**DIRECTIONS FOR THIS TASK**
Where the records below show a line containing "text \<open>Residual variance", start copying; end with the line containing "with \<open>\<integral>_0^1 q(t)^(-2)", and copy it too.

**DATA EXCERPTS**
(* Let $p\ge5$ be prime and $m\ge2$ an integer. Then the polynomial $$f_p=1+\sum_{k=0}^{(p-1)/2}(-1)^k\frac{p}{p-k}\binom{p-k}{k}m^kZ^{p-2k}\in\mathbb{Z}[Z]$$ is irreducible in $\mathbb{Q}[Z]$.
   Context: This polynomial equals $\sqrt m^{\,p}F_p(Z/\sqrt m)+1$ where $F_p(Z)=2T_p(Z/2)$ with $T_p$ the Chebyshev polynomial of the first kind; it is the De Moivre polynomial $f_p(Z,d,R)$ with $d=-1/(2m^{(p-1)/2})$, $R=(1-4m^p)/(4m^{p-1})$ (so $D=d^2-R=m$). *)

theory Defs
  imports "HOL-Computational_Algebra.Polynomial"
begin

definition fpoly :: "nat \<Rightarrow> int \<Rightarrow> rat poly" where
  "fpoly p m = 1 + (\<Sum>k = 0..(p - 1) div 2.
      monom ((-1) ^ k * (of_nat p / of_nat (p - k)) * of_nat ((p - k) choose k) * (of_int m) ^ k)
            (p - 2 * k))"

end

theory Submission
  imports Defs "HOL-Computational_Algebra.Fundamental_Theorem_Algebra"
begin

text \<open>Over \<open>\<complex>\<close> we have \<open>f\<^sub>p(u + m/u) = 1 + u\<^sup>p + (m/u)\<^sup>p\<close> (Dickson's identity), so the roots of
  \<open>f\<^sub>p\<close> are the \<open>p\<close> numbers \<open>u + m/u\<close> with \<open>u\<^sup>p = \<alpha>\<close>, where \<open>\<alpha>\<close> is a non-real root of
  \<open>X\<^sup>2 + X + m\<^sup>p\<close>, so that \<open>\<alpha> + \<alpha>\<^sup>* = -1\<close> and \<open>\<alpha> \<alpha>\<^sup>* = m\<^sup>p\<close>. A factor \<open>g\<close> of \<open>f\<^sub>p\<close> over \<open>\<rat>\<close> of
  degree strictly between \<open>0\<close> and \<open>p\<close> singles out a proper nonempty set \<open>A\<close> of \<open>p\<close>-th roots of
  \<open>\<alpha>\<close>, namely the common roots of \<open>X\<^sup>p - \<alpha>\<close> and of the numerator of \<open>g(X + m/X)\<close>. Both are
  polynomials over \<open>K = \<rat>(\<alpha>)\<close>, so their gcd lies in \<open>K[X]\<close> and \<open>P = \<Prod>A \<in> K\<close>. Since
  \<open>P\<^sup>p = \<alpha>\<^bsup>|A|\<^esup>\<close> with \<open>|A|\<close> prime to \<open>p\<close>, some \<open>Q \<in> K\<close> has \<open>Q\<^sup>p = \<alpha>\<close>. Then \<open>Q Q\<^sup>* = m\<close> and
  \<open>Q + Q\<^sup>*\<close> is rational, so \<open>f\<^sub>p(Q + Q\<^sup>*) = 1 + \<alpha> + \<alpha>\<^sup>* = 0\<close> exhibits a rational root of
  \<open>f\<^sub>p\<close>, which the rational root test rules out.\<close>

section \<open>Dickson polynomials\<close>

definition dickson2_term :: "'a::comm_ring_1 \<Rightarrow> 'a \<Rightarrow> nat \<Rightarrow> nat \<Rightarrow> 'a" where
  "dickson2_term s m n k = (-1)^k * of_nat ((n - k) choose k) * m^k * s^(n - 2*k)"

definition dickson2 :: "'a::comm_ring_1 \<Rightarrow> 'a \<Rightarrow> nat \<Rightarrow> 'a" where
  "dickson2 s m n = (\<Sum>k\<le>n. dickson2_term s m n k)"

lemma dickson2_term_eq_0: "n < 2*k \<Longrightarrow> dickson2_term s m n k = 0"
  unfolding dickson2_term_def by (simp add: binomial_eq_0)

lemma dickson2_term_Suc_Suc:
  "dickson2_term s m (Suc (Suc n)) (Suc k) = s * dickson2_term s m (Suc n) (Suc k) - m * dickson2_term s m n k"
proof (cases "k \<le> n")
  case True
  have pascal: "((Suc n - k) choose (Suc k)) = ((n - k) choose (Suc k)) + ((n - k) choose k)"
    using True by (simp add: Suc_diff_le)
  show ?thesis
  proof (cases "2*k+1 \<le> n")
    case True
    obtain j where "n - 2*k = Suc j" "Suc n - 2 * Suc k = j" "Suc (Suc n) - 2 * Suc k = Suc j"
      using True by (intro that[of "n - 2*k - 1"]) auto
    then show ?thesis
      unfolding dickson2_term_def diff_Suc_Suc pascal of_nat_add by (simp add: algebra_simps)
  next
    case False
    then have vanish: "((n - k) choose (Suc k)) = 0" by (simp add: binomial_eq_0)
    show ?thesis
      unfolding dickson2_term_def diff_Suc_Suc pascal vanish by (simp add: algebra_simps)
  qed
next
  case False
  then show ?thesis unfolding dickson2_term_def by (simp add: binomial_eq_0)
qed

--

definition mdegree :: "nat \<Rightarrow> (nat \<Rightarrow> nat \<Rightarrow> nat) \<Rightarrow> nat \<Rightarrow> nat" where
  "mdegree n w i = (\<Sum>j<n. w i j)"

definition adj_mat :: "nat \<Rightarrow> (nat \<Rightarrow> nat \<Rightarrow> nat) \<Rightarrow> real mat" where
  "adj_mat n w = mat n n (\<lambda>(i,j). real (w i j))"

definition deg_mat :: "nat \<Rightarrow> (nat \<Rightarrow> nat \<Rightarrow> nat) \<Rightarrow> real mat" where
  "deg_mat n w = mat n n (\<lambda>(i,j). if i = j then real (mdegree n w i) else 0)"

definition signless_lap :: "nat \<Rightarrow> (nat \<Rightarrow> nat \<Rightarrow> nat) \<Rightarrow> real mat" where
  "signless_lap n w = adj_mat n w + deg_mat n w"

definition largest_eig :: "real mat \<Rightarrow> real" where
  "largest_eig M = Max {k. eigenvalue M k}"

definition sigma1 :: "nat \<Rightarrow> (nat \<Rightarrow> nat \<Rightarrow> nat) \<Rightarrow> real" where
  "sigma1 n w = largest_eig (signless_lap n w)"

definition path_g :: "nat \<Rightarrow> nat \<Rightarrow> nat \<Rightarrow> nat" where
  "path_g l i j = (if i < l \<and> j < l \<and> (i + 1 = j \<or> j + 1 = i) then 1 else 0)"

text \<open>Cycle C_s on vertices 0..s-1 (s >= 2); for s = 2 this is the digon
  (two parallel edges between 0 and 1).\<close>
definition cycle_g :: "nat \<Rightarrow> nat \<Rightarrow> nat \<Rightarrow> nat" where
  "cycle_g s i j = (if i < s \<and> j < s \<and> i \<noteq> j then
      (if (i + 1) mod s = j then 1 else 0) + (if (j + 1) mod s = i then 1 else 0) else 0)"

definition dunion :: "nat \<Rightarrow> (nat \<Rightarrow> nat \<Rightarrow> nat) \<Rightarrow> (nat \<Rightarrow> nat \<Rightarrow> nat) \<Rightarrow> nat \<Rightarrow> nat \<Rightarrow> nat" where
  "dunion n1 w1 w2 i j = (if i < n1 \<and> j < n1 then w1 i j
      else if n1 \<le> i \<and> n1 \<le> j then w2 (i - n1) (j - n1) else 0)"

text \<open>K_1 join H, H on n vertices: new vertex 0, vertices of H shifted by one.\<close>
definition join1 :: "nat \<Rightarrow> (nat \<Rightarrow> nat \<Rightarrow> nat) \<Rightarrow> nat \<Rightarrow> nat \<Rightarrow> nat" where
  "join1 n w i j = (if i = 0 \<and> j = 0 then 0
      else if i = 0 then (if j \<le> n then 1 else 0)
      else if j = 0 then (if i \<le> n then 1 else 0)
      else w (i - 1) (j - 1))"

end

---

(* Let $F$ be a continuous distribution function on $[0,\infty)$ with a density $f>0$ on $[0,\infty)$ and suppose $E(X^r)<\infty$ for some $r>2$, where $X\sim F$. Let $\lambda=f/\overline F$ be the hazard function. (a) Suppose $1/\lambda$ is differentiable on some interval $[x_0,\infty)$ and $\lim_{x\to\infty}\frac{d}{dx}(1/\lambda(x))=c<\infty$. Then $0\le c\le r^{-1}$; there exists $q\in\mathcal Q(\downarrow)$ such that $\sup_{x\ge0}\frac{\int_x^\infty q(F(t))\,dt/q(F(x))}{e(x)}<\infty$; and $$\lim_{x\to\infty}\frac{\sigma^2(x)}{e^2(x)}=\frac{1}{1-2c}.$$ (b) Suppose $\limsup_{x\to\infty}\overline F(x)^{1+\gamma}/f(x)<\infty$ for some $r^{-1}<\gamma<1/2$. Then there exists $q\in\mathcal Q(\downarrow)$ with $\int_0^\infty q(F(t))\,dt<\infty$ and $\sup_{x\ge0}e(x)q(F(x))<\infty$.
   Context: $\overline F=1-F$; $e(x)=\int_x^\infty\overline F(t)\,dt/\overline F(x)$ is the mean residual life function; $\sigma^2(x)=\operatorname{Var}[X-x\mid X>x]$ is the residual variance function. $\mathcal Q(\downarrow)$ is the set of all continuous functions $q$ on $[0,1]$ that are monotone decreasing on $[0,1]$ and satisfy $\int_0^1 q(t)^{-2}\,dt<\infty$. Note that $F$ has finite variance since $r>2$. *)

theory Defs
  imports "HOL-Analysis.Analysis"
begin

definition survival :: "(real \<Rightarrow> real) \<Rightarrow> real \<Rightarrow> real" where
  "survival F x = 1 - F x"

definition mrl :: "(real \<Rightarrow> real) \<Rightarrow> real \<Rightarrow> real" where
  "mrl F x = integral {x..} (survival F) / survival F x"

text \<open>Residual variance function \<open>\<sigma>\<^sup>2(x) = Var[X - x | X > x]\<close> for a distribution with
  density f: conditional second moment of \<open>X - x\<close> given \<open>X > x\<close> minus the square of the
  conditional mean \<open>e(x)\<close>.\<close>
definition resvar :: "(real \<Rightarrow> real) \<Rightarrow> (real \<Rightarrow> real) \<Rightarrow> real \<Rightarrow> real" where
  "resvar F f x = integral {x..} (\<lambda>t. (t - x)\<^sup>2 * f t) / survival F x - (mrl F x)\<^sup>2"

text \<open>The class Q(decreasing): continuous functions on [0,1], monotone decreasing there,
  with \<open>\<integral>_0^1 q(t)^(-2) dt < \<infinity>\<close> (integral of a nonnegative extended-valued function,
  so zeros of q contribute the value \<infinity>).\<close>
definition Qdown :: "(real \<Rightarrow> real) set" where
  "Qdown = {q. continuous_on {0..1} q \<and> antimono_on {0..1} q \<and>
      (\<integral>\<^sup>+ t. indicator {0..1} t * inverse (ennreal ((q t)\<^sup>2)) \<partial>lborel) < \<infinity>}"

**SOLUTION TO THE EXERCISE**
text \<open>Residual variance function \<open>\<sigma>\<^sup>2(x) = Var[X - x | X > x]\<close> for a distribution with
  density f: conditional second moment of \<open>X - x\<close> given \<open>X > x\<close> minus the square of the
  conditional mean \<open>e(x)\<close>.\<close>
definition resvar :: "(real \<Rightarrow> real) \<Rightarrow> (real \<Rightarrow> real) \<Rightarrow> real \<Rightarrow> real" where
  "resvar F f x = integral {x..} (\<lambda>t. (t - x)\<^sup>2 * f t) / survival F x - (mrl F x)\<^sup>2"

text \<open>The class Q(decreasing): continuous functions on [0,1], monotone decreasing there,
  with \<open>\<integral>_0^1 q(t)^(-2) dt < \<infinity>\<close> (integral of a nonnegative extended-valued function,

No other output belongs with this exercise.